Asked to respond to Lucero’s comments, Aguilar said it was “a sign that they are so afraid to lose this program which was created to target our communities. That’s why they take the route of intimidation.”
CASA de Virginia has held rallies calling for an end the agreement over the last week and will hold another outside the jail on Wednesday evening ahead of the jail board meeting. The organization has questioned why the meeting will be held virtually and will not allow in-person or virtual public comment. Instead, the jail board is taking written comment only.
Meanwhile, ICE will give a 30-minute presentation to the jail board about the 287(g) agreement, according to the meeting's agenda.
Aguilar said Hill, the chairman of the jail board, has “shown a complete lack of transparency” in addressing the meeting's format. Aguilar raised concerns that the meeting will be “heavily influenced” by ICE and will not hear the voices of community members who have been impacted by the program.
The jail board meeting be held virtually and will begin at 6:00 p.m.
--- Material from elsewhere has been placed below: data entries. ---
(* The following identities hold: \begin{align*}\sum_{k=1}^\infty\frac{5929k^2-4675k+914}{k(-2)^k\binom{4k}k}&=-189-30\log2, \\\sum_{k=1}^\infty\frac{39083k^2-31627k+5624}{k(-24)^k\binom{4k}k}&=40\log\frac23-117, \\\sum_{k=1}^\infty\frac{475397k^2-335665k+55072}{k(-192)^k\binom{4k}k}&=160\log\frac34-207. \end{align*} *)

theory Defs
  imports Complex_Main
begin

end

theory Submission
  imports Defs "HOL-Analysis.Analysis" "HOL-Computational_Algebra.Polynomial"
begin

(* Since 1 / (k C(4k,k)) = B(k, 3k+1) = \<integral>\<^sub>0\<^sup>1 t^(k-1) (1-t)^(3k) dt, each series is
   handled by a WZ-style certificate: its k-th term equals G(k) - G(k+1) + c l(k), where
   G(k) = p(k) B(k, 3k+1) / x^k for a quadratic p, and l(k) = \<integral>\<^sub>0\<^sup>1 q(t) (t(1-t)^3)^k dt / x^(k+1)
   for the cubic q with x - t(1-t)^3 = (r - t) q(t).  The G-part telescopes, and summing the
   geometric series under the integral gives \<Sum> l(k) = \<integral>\<^sub>0\<^sup>1 dt / (r - t) = ln (r / (r - 1)).
   The three identities are the cases (x, r) = (-2, 2), (-24, 3), (-192, -3). *)

lemma has_integral_Beta_nat:
  "((\<lambda>t::real. t ^ m * (1 - t) ^ n) has_integral Beta (real m + 1) (real n + 1)) {0..1}"
proof (rule has_integral_spike_finite[of "{0, 1}"])
  show "((\<lambda>t. t powr (real m + 1 - 1) * (1 - t) powr (real n + 1 - 1))
          has_integral Beta (real m + 1) (real n + 1)) {0..1}"
    by (rule has_integral_Beta_real) auto
  show "t ^ m * (1 - t) ^ n = t powr (real m + 1 - 1) * (1 - t) powr (real n + 1 - 1)"
    if "t \<in> {0..1} - {0, 1}" for t
    using that by (simp add: powr_realpow)
qed simp

lemma Beta_of_nat_eq_inverse_binomial:
  assumes "m > 0"
  shows "Beta (real m) (real n + 1) = 1 / (real m * real ((m + n) choose m))"
proof -
  have "Gamma (real m) = fact (m - 1)"
    using Gamma_fact[of "m - 1", where 'a = real] assms by (simp add: of_nat_diff)
  moreover have "fact m = real m * fact (m - 1)"
    using assms fact_num_eq_if[of m] by (simp add: of_nat_diff)
  ultimately show ?thesis
    using assms Gamma_fact[of n, where 'a = real] Gamma_fact[of "m + n", where 'a = real]
    by (simp add: Beta_def binomial_fact add_ac)
qed

lemma abs_Beta_of_nat_le_1: "\<bar>Beta (real m) (real n + 1)\<bar> \<le> 1"
proof (cases "m = 0")
  case False
  then have "1 \<le> real m" "1 \<le> real ((m + n) choose m)"
    by (simp_all add: Suc_le_eq zero_less_binomial_iff)
  then have "1 \<le> real m * real ((m + n) choose m)"
    using mult_mono[of 1 "real m" 1] by simp
  then show ?thesis
    using False Beta_of_nat_eq_inverse_binomial[of m n] by simp
qed (simp add: Beta_pole1)

lemma Beta_add_of_nat_left:
  fixes a b :: real
  assumes "a > 0" "b > 0"
  shows "Beta (a + of_nat n) b = pochhammer a n / pochhammer (a + b) n * Beta a b"
proof (induction n)
  case (Suc n)
  have "a + of_nat n \<notin> \<int>\<^sub>\<le>\<^sub>0" using assms by (auto elim!: nonpos_Ints_cases)
  from Beta_plus1_left[OF this, of b]
  have "Beta (a + of_nat n + 1) b = (a + of_nat n) / (a + b + of_nat n) * Beta (a + of_nat n) b"
    using assms by (simp add: field_simps add_pos_nonneg)
  then show ?case
    using Suc.IH by (simp add: pochhammer_Suc add_ac mult_ac)
qed simp

lemma Beta_add_of_nat_right:
  fixes a b :: real
  assumes "a > 0" "b > 0"
  shows "Beta a (b + of_nat n) = pochhammer b n / pochhammer (a + b) n * Beta a b"
  using Beta_add_of_nat_left[OF assms(2,1)] by (simp add: Beta_commute add.commute)

lemma Beta_next_ratio:
  fixes K :: real
  assumes "K > 0"
  shows "Beta (K + 1) (3*K + 4) =
    K * pochhammer (3*K + 1) 3 / pochhammer (4*K + 1) 4 * Beta K (3*K + 1)"
proof -
  have "Beta (K + 1) (3*K + 1 + of_nat 3) =
      pochhammer (3*K + 1) 3 / pochhammer (4*K + 2) 3 * Beta (K + 1) (3*K + 1)"
    using Beta_add_of_nat_right[of "K + 1" "3*K + 1" 3] assms by (simp add: add_ac)
  moreover have "Beta (K + of_nat 1) (3*K + 1) = K / (4*K + 1) * Beta K (3*K + 1)"
    using Beta_add_of_nat_left[of K "3*K + 1" 1] assms by (simp add: add_ac)
  moreover have "pochhammer (4*K + 1) 4 = (4*K + 1) * pochhammer (4*K + 2) 3"
    by (simp add: pochhammer_rec numeral_eq_Suc add_ac)
  ultimately show ?thesis
    using assms by (simp add: algebra_simps)
qed

lemma Beta_moment_ratio:
  fixes K :: real
  assumes "K > 0" "j \<le> 3"
  shows "Beta (K + of_nat j + 1) (3*K + 1) =
    pochhammer K (j + 1) * pochhammer (4*K + of_nat j + 2) (3 - j) / pochhammer (4*K + 1) 4
    * Beta K (3*K + 1)"
proof -
  have "pochhammer (4*K + 1) 4 = pochhammer (4*K + 1) (j + 1) * pochhammer (4*K + of_nat j + 2) (3 - j)"
    using pochhammer_product[of "j + 1" 4 "4*K + 1"] assms(2) by (simp add: add_ac)
  moreover have "pochhammer (4*K + 1) (j + 1) > 0" "pochhammer (4*K + of_nat j + 2) (3 - j) > 0"
    using assms(1) by (intro pochhammer_pos; simp add: add_pos_nonneg)+
  ultimately show ?thesis
    using Beta_add_of_nat_left[of K "3*K + 1" "j + 1"] assms(1) by (simp add: add_ac)
qed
The meeting can be viewed via this link: https://www.youtube.com/channel/UC2UPCuCUvAvyrOLM3YedW1w
The Prince William Board of County Supervisors appointed three new members to the 11-member jail board on May 20. They include Del. Elizabeth Guzman, D-31st, a longtime critic of 287(g) who has said she will "definitely vote to let it expire."
The supervisors also appointed Tracey Lenox, a defense attorney who will lead the county's new public defenders' office, as well as local NAACP President Cozy Bailey.
The other jail board members include: Hill, Commonwealth’s Attorney Amy Ashworth, Clerk of the Circuit Court Jacqueline Smith, County Executive Chris Martino, Director of Office of Criminal Justice Services Steven Austin, Prince William County Police Chief Barry Barnard, City of Manassas Police Chief Doug Keen and Manassas resident Lisa Climer.
It is not known which way the board will vote on the matter, but it was confirmed Tuesday that Raul Torres, the executive director of the Prince William County Human Rights Office, will serve as an alternate for Martino during the meeting.
Torres did not say whether he would vote to end the agreement. But Torres said he will vote “through an equity lens,” and that he will take into account all the residents of Prince William County.